AWS Lambda functions are deployed as individual units, with code changes taking place as a single deployment event. As this is a sudden change of single units of code, your serverless functions will need to be built to accommodate the scaling of traffic between the old and new versions. 

Without a strategy in place, canary deployments will be challenging to implement. One approach is to implement a dispatch layer, essentially a load balancer for Lambda functions. With some simple mapping and data manipulation, you can control the percentage of traffic deployed to each Lambda function, letting you scale your deployments, albeit at the cost of additional development complexity. This is a process that begs for automation, and luckily AWS offers Lambda Aliases to do just that.

AWS Lambda Aliases and Canary Deployments

A Lambda Alias is like a pointer to a specific Lambda function version. It serves as a proxy that can dispatch traffic to the specific ARNs that make up your serverless function library. When a new version is created, you can simply update the alias to point to the new version without needing to update the calling application. In addition, AWS Lambda Aliases provide a method of routing alias requests to two different versions of the same function. This allows you to scale new function deployments as needed and identify issues as early as possible, without significantly degrading user experience.

Choosing Success Metrics

When implementing a canary deployment system for a serverless application, choosing the appropriate success metric for your deployment will be an important step. As Lambda Aliases only give us the capability to shift traffic based on a percentage of overall requests, you’ll want to focus on code-independent metrics as much as possible when automating your canary deployments. For identifying failures, this can consist of increased error rates, 500 responses from the server, increased request response times, or any other common application failure pattern. 

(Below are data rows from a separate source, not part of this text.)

lemma cong_sqfree_pair_var_relation:
  assumes "CHAR('a::comm_ring_1) = 2"
  shows "cong_sqfree (pair_var T a1 a2 * pair_var T a3 a4 + pair_var T a1 a3 * pair_var T a2 a4
                      :: 'a mpoly) 0"
proof -
  let ?m = "unit_mono a1 + unit_mono a2 + (unit_mono a3 + unit_mono a4)"
  let ?m' = "unit_mono a1 + unit_mono a3 + (unit_mono a2 + unit_mono a4)"
  have swap: "?m' = ?m"
    by (simp add: ac_simps)
  consider "a1 \<in> T \<and> a2 \<in> T \<and> a3 \<in> T \<and> a4 \<in> T \<and> distinct [a1, a2, a3, a4]"
    | "\<not> (a1 \<in> T \<and> a2 \<in> T \<and> a3 \<in> T \<and> a4 \<in> T)"
    | "a1 \<in> T \<and> a2 \<in> T \<and> a3 \<in> T \<and> a4 \<in> T \<and> \<not> distinct [a1, a2, a3, a4]"
    by blast
  then show ?thesis
  proof cases
    case 1
    then have "pair_var T a1 a2 * pair_var T a3 a4 = (Poly_Mapping.single ?m 1 :: 'a mpoly)"
      and "pair_var T a1 a3 * pair_var T a2 a4 = (Poly_Mapping.single ?m' 1 :: 'a mpoly)"
      by (simp_all add: pair_var_def Var_mult_Var mult_single)
    then show ?thesis
      unfolding swap
      by (simp add: mpoly_add_self_eq_zero_char2[OF assms])
  next
    case 2
    then have "pair_var T a1 a2 * pair_var T a3 a4 = (0 :: 'a mpoly)"
      and "pair_var T a1 a3 * pair_var T a2 a4 = (0 :: 'a mpoly)"
      by (auto simp: pair_var_def simp del: mult_eq_0_iff)
    then show ?thesis
      by simp
  next
    case 3
    then have "\<not> sqfree_monomial ?m" "\<not> sqfree_monomial ?m'"
      unfolding swap sqfree_monomial_def by (auto simp: lookup_add lookup_single when_def)
    then have "cong_sqfree (pair_var T a1 a2 * pair_var T a3 a4 :: 'a mpoly) 0"
      and "cong_sqfree (pair_var T a1 a3 * pair_var T a2 a4 :: 'a mpoly) 0"
      by (simp_all add: pair_var_def Var_mult_Var mult_single cong_sqfree_single_zero)
    then show ?thesis
      using cong_sqfree_add by fastforce
  qed
qed

text \<open>The image of the central part \<open>\<Prod> (y\<^sub>i,y\<^sub>j)^(c i j)\<close> of a normal form, since
  \<open>(y\<^sub>i,y\<^sub>j) = 1 + d\<^sub>i\<^sub>j\<close>.\<close>
definition comm_poly :: "nat set \<Rightarrow> (nat \<Rightarrow> nat \<Rightarrow> bool) \<Rightarrow> 'a::comm_ring_1 mpoly" where
  "comm_poly T c = (\<Prod>(i, j) \<in> {(i, j). i \<in> T \<and> j \<in> T \<and> j < i \<and> c i j}. 1 + Var i * Var j)"

lemma cong_sqfree_comm_poly_flip_comm:
  assumes fin: "finite T" and char2: "CHAR('a::comm_ring_1) = 2"
  shows "cong_sqfree (comm_poly T (snd (flip_comm a b x)) :: 'a mpoly)
                     (comm_poly T (snd x) * (1 + pair_var T a b))"
proof -
  obtain s c where x: "x = (s, c)" by (cases x)
  define c' where "c' i j \<longleftrightarrow> c i j \<noteq> (a \<noteq> b \<and> i = max a b \<and> j = min a b)" for i j
  define P where "P d = {(i, j). i \<in> T \<and> j \<in> T \<and> j < i \<and> d i j}" for d :: "nat \<Rightarrow> nat \<Rightarrow> bool"
  define f :: "nat \<times> nat \<Rightarrow> 'a mpoly" where "f = (\<lambda>(i, j). 1 + Var i * Var j)"
  have flip: "snd (flip_comm a b x) = c'" "snd x = c"
    by (simp_all add: x c'_def fun_eq_iff)
  have comm_poly_P: "comm_poly T d = prod f (P d)" for d
    by (simp add: comm_poly_def P_def f_def)
  have fin_P: "finite (P d)" for d
    by (rule finite_subset[of _ "T \<times> T"]) (auto simp: P_def fin)
  show ?thesis
  proof (cases "a \<noteq> b \<and> a \<in> T \<and> b \<in> T")
    case False
    then have "P c' = P c" and "pair_var T a b = (0 :: 'a mpoly)"
      by (auto simp: P_def c'_def pair_var_def max_def min_def)
    then show ?thesis
      unfolding flip by (simp add: comm_poly_P)
  next
    case True
    define p where "p = (max a b, min a b)"
    have f_p: "f p = 1 + pair_var T a b"
      using True by (auto simp: pair_var_def f_def p_def max_def min_def mult.commute)
    show ?thesis
    proof (cases "c (max a b) (min a b)")
      case False
      then have "P c' = insert p (P c)" and "p \<notin> P c"
        using True by (auto simp: P_def c'_def p_def max_def min_def)
      then show ?thesis
        unfolding flip by (simp add: comm_poly_P fin_P f_p mult.commute)
    next
      case True': True
      then have "P c = insert p (P c')" and "p \<notin> P c'"
        using True by (auto simp: P_def c'_def p_def max_def min_def)
      then have "comm_poly T c * (1 + pair_var T a b) = comm_poly T c' * (f p * f p)"
        by (simp add: comm_poly_P fin_P f_p ac_simps)
      moreover have "cong_sqfree (comm_poly T c' * (f p * f p)) (comm_poly T c' * 1 :: 'a mpoly)"
        by (rule cong_sqfree_mult_left)
          (simp add: f_def p_def cong_sqfree_square_one_plus[OF char2])
      ultimately show ?thesis
        unfolding flip by (simp add: cong_sqfree_sym)
    qed
  qed
qed

section \<open>Linear functionals on a monoid algebra\<close>

definition lin_ext :: "('g \<Rightarrow> 'a::comm_semiring_1) \<Rightarrow> ('g \<Rightarrow>\<^sub>0 'a) \<Rightarrow> 'a" where
  "lin_ext f p = (\<Sum>g\<in>Poly_Mapping.keys p. Poly_Mapping.lookup p g * f g)"

lemma lin_ext_superset:
  "finite K \<Longrightarrow> Poly_Mapping.keys p \<subseteq> K \<Longrightarrow>
     lin_ext f p = (\<Sum>g\<in>K. Poly_Mapping.lookup p g * f g)"
  unfolding lin_ext_def by (rule sum.mono_neutral_left) (auto simp: in_keys_iff)

lemma lin_ext_zero [simp]: "lin_ext f 0 = 0"
  by (simp add: lin_ext_def)

lemma lin_ext_add: "lin_ext f (p + q) = lin_ext f p + lin_ext f q"
proof -
  let ?K = "Poly_Mapping.keys p \<union> Poly_Mapping.keys q"
  have "Poly_Mapping.keys (p + q) \<subseteq> ?K"
    by (auto simp: in_keys_iff lookup_add)
  then have "lin_ext f (p + q) = (\<Sum>g\<in>?K. Poly_Mapping.lookup (p + q) g * f g)"
    by (simp add: lin_ext_superset)
  also have "\<dots> = (\<Sum>g\<in>?K. Poly_Mapping.lookup p g * f g) + (\<Sum>g\<in>?K. Poly_Mapping.lookup q g * f g)"
    by (simp add: lookup_add ring_distribs sum.distrib)
  also have "\<dots> = lin_ext f p + lin_ext f q"
    by (subst (1 2) lin_ext_superset[of ?K]) auto
  finally show ?thesis .
qed

lemma lin_ext_pointwise_scale:
  assumes "\<And>g. Poly_Mapping.lookup q g = b * Poly_Mapping.lookup p g"
  shows "lin_ext f q = b * lin_ext f p"
proof -
  have "Poly_Mapping.keys q \<subseteq> Poly_Mapping.keys p"
    by (auto simp: in_keys_iff assms)
  then have "lin_ext f q = (\<Sum>g\<in>Poly_Mapping.keys p. Poly_Mapping.lookup q g * f g)"
    by (simp add: lin_ext_superset)
  then show ?thesis
    by (simp add: lin_ext_def assms sum_distrib_left mult.assoc)
qed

For determining the success of your deployments, you can make use of log statements, user events, or simple analysis of the data flow in your system to seek out the desired improvements. You can also follow metrics such as error rates and response durations via Thundra by actively checking your console or setting up alerts specific to the deployment process. Actionable alerts by Thundra send you notifications with details of failures as they occur, letting you take immediate rollback actions as needed.

While this information can all be gathered within your application, tools like Thundra can help you respond to the flow of data in real time. Such a third-party tool allows you to easily aggregate events from multiple sources, giving you real-time observability that would be costly to implement otherwise.

Conclusion

A good deployment system should minimize application downtime while also giving your engineers confidence that the deployed code will function properly. Canary deployments allow you to shift your application’s production deployment patterns to a progressively scaling approach. This allows you to improve delivery quality by minimizing the side effects of botched deployments and also improve user experience via performance measurements of the new code as it scales. 

With Lambda Alias Routing and traffic shifting, you can easily implement canary deployments that scale based on your overall Lambda function usage. And by coupling this with a third-party tool such as Thundra, you can build an automated canary deployment system that ensures minimal application downtime while also giving you confidence in the stability of your application.